Lines that contain "case" are to be copied from the material, every one of them.

|---|

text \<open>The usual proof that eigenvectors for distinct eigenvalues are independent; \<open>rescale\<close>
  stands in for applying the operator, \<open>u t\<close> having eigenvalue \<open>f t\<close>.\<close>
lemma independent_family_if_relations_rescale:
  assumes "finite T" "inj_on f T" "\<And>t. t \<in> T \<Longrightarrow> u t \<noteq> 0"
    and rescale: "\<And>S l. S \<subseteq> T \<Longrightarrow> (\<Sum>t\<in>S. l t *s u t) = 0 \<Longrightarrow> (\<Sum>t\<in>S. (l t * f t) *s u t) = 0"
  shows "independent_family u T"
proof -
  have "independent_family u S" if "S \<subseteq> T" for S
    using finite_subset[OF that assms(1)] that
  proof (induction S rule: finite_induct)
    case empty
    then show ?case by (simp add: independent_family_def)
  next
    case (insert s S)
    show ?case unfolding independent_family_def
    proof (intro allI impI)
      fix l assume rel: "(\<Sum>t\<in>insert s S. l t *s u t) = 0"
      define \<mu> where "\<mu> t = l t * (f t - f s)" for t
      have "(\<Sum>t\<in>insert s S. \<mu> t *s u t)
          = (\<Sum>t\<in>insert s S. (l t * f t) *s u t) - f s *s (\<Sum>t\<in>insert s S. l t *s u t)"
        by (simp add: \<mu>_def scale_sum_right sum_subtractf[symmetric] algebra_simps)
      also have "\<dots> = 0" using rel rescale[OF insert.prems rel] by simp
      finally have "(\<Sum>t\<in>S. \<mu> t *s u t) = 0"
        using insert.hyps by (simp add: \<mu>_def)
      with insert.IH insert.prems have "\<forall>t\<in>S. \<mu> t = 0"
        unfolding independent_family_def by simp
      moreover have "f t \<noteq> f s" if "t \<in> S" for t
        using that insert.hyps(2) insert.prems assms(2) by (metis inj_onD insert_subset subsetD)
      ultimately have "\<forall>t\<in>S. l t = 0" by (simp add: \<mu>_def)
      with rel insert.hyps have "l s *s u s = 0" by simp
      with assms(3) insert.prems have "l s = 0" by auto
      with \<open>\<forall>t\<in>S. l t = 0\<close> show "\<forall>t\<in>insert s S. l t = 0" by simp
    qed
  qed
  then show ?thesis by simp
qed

|---|

Response box:
    case empty
    then show ?case by (simp add: independent_family_def)
    case (insert s S)
    show ?case unfolding independent_family_def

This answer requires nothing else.